[Dataset entries]
lemma order_preserving_upd:
  assumes irr: "irrefl R" and xp: "x \<notin> dom p"
    and ord: "\<forall>u\<in>dom p. \<forall>v\<in>dom p. (u, v) \<in> R \<longleftrightarrow> (the (p u), the (p v)) \<in> R"
    and compat: "\<forall>y\<in>dom p. ((x, y) \<in> R \<longleftrightarrow> (b, the (p y)) \<in> R) \<and>
                            ((y, x) \<in> R \<longleftrightarrow> (the (p y), b) \<in> R)"
  shows "\<forall>u\<in>dom (p(x \<mapsto> b)). \<forall>v\<in>dom (p(x \<mapsto> b)).
           (u, v) \<in> R \<longleftrightarrow> (the ((p(x \<mapsto> b)) u), the ((p(x \<mapsto> b)) v)) \<in> R"
  using assms unfolding irrefl_def by auto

Requirement: Please transcribe all of the entries precisely.

Worked solution:
lemma order_preserving_upd:
  assumes irr: "irrefl R" and xp: "x \<notin> dom p"
    and ord: "\<forall>u\<in>dom p. \<forall>v\<in>dom p. (u, v) \<in> R \<longleftrightarrow> (the (p u), the (p v)) \<in> R"
    and compat: "\<forall>y\<in>dom p. ((x, y) \<in> R \<longleftrightarrow> (b, the (p y)) \<in> R) \<and>
                            ((y, x) \<in> R \<longleftrightarrow> (the (p y), b) \<in> R)"
  shows "\<forall>u\<in>dom (p(x \<mapsto> b)). \<forall>v\<in>dom (p(x \<mapsto> b)).
           (u, v) \<in> R \<longleftrightarrow> (the ((p(x \<mapsto> b)) u), the ((p(x \<mapsto> b)) v)) \<in> R"
  using assms unfolding irrefl_def by auto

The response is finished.